Noncontrast perfusion single-photon emission CT/CT scanning: a new test for the expedited, high-accuracy diagnosis of acute pulmonary embolism.

Author information

1
Molecular Imaging and Therapy Service, Department of Medicine, Memorial Sloan-Kettering Cancer Center, New York, NY.
2
Body Imaging Section, Department of Medicine, Memorial Sloan-Kettering Cancer Center, New York, NY.
3
Department of Radiology and Pulmonary Disease Service, Department of Medicine, Memorial Sloan-Kettering Cancer Center, New York, NY.
4
Molecular Imaging and Therapy Service, Department of Medicine, Memorial Sloan-Kettering Cancer Center, New York, NY. Electronic address: schoderh@mskcc.org.

Abstract

BACKGROUND:

Standard ventilation and perfusion (V˙/Q˙) scintigraphy uses planar images for the diagnosis of pulmonary embolism (PE). To evaluate whether tomographic imaging improves the diagnostic accuracy of the procedure, we compared noncontrast perfusion single-photon emission CT (Q˙-SPECT)/CT scans with planar V˙/Q˙scans in patients at high risk for PE.

METHODS:

Between 2006 and 2010, most patients referred for diagnosis of PE underwent both Q˙-SPECT/CT scan and planar V˙/Q˙scintigraphy. All scans were reviewed retrospectively by four observers; planar scans were read with modified Prospective Investigation of Pulmonary Embolism Diagnosis (PIOPED) II and Prospective Investigative Study of Pulmonary Embolism Diagnosis (PISA-PED) criteria.
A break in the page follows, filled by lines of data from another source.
(* Let $\mathsf{M}^s=\{\langle v,\mathfrak{R}\rangle:\mathfrak{R}\text{ is symmetric}\}$ and $\mathsf{M}^n=\{\langle v,\mathfrak{R}\rangle:\text{for all }\varphi,\psi,\ \langle\neg\varphi,\psi\rangle\in\mathfrak{R}\Rightarrow\langle\varphi,\psi\rangle\in\mathfrak{R}\}$ (with $v$ ranging over all valuations). Neither $\mathsf{M}^s$ nor $\mathsf{M}^n$ is definable.
   Context: Language: propositional letters $\Phi=\{p_0,p_1,\dots\}$; connectives $\neg$, $\lor,\wedge,\to,\leftrightarrow,\vartriangle,\looparrowright$; $\mathsf{FOR}$ the set of all formulas. An Epstein model is $\langle v,\mathfrak{R}\rangle$ with $v:\Phi\to\{0,1\}$ and $\mathfrak{R}\subseteq\mathsf{FOR}^2$; truth: letters via $v$, boolean connectives classical, $\langle v,\mathfrak{R}\rangle\vDash\varphi\vartriangle\psi$ iff both true and $\langle\varphi,\psi\rangle\in\mathfrak{R}$; $\langle v,\mathfrak{R}\rangle\vDash\varphi\looparrowright\psi$ iff $\varphi\to\psi$ true and $\langle\varphi,\psi\rangle\in\mathfrak{R}$. A set $\mathsf{K}$ of Epstein models is definable iff there is $\Gamma\subseteq\mathsf{FOR}$ such that for every Epstein model $\mathfrak{M}$: $\mathfrak{M}\vDash\gamma$ for all $\gamma\in\Gamma$ iff $\mathfrak{M}\in\mathsf{K}$. *)

theory Defs
  imports Main
begin

datatype form =
    Var nat
  | Neg form
  | Disj form form
  | Conj form form
  | Imp form form
  | Iff form form
  | RelConj form form
  | RelImp form form

type_synonym model = "(nat \<Rightarrow> bool) \<times> (form \<times> form) set"

fun sat :: "model \<Rightarrow> form \<Rightarrow> bool" where
  "sat M (Var n) = fst M n"
| "sat M (Neg a) = (\<not> sat M a)"
| "sat M (Disj a b) = (sat M a \<or> sat M b)"
| "sat M (Conj a b) = (sat M a \<and> sat M b)"
| "sat M (Imp a b) = (sat M a \<longrightarrow> sat M b)"
| "sat M (Iff a b) = (sat M a \<longleftrightarrow> sat M b)"
| "sat M (RelConj a b) = (sat M a \<and> sat M b \<and> (a, b) \<in> snd M)"
| "sat M (RelImp a b) = ((sat M a \<longrightarrow> sat M b) \<and> (a, b) \<in> snd M)"

definition definable :: "model set \<Rightarrow> bool" where
  "definable K \<longleftrightarrow> (\<exists>\<Gamma> :: form set. \<forall>M. (\<forall>\<gamma>\<in>\<Gamma>. sat M \<gamma>) \<longleftrightarrow> M \<in> K)"

definition M_s :: "model set" where
  "M_s = {M. sym (snd M)}"

definition M_n :: "model set" where
  "M_n = {M. \<forall>\<phi> \<psi>. (Neg \<phi>, \<psi>) \<in> snd M \<longrightarrow> (\<phi>, \<psi>) \<in> snd M}"

end

theory Submission
  imports Defs
begin

text \<open>A pair \<open>(\<phi>, \<psi>)\<close> with \<open>\<phi>\<close> true and \<open>\<psi>\<close> false is never consulted by the semantics,
  since both relational connectives also demand the truth of \<open>\<phi> \<rightarrow> \<psi>\<close>. Deleting such a pair from
  the full relation therefore changes no truth value, but destroys symmetry (the converse pair
  stays) and closure under stripping a negation (\<open>(\<not>\<phi>, \<not>\<phi>)\<close> stays).\<close>

lemma definable_sat_equiv:
  assumes "definable K" and "\<And>\<phi>. sat M \<phi> = sat N \<phi>"
  shows "M \<in> K \<longleftrightarrow> N \<in> K"
  using assms unfolding definable_def by metis

lemma sat_Diff_true_false_pair:
  assumes "sat (v, R) \<phi>" and "\<not> sat (v, R) \<psi>"
  shows "sat (v, R - {(\<phi>, \<psi>)}) \<chi> = sat (v, R) \<chi>"
  using assms by (induction \<chi>) auto

lemma not_definable_by_true_false_pair:
  assumes "(v, R) \<in> K" and "(v, R - {(\<phi>, \<psi>)}) \<notin> K"
    and "sat (v, R) \<phi>" and "\<not> sat (v, R) \<psi>"
  shows "\<not> definable K"
  using definable_sat_equiv[of K "(v, R)" "(v, R - {(\<phi>, \<psi>)})"]
    sat_Diff_true_false_pair[OF assms(3,4)] assms(1,2) by auto

theorem mainTheorem12:
  shows "\<not> definable M_s \<and> \<not> definable M_n"
proof
  let ?v = "\<lambda>_. True" and ?p = "Var 0"
  show "\<not> definable M_s"
    by (rule not_definable_by_true_false_pair[where v = ?v and R = UNIV
          and \<phi> = ?p and \<psi> = "Neg ?p"])
       (auto simp: M_s_def sym_def)
  show "\<not> definable M_n"
    by (rule not_definable_by_true_false_pair[where v = ?v and R = UNIV
          and \<phi> = ?p and \<psi> = "Neg ?p"])
       (auto simp: M_n_def)
qed

end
On Q˙-SPECT/CT scan, any wedge-shaped peripheral perfusion defect occupying > 50% of a segment without corresponding pulmonary parenchymal or pleural disease was considered to show PE. The final diagnosis was established with a composite reference standard that included ECG, ultrasound of lower-extremity veins, D-dimer levels, CT pulmonary angiography (when available), and clinical follow-up for at least 3 months.

RESULTS:

One hundred six patients with cancer and mean Wells score of 4.4 had sufficient follow-up; 22 patients were given a final diagnosis of PE, and 84 patients were given a final diagnosis of no PE. According to PIOPED II, 13 studies were graded as intermediate probability. Sensitivity and specificity for PE were 50% and 98%, respectively, based on PIOPED II criteria; 86% and 93%, respectively, based on PISA-PED criteria; and 91% and 94%, respectively, based on Q˙-SPECT/CT scan. Seventy-six patients had additional relevant findings on the CT image of the Q˙-SPECT/CT scan.

CONCLUSIONS:

Noncontrast Q˙-SPECT/CT imaging has a higher accuracy than planar V˙/Q˙imaging based on PIOPED II criteria in patients with cancer and a high risk for PE.

PMID:
24798835
DOI:
10.1378/chest.13-2090
[Indexed for MEDLINE]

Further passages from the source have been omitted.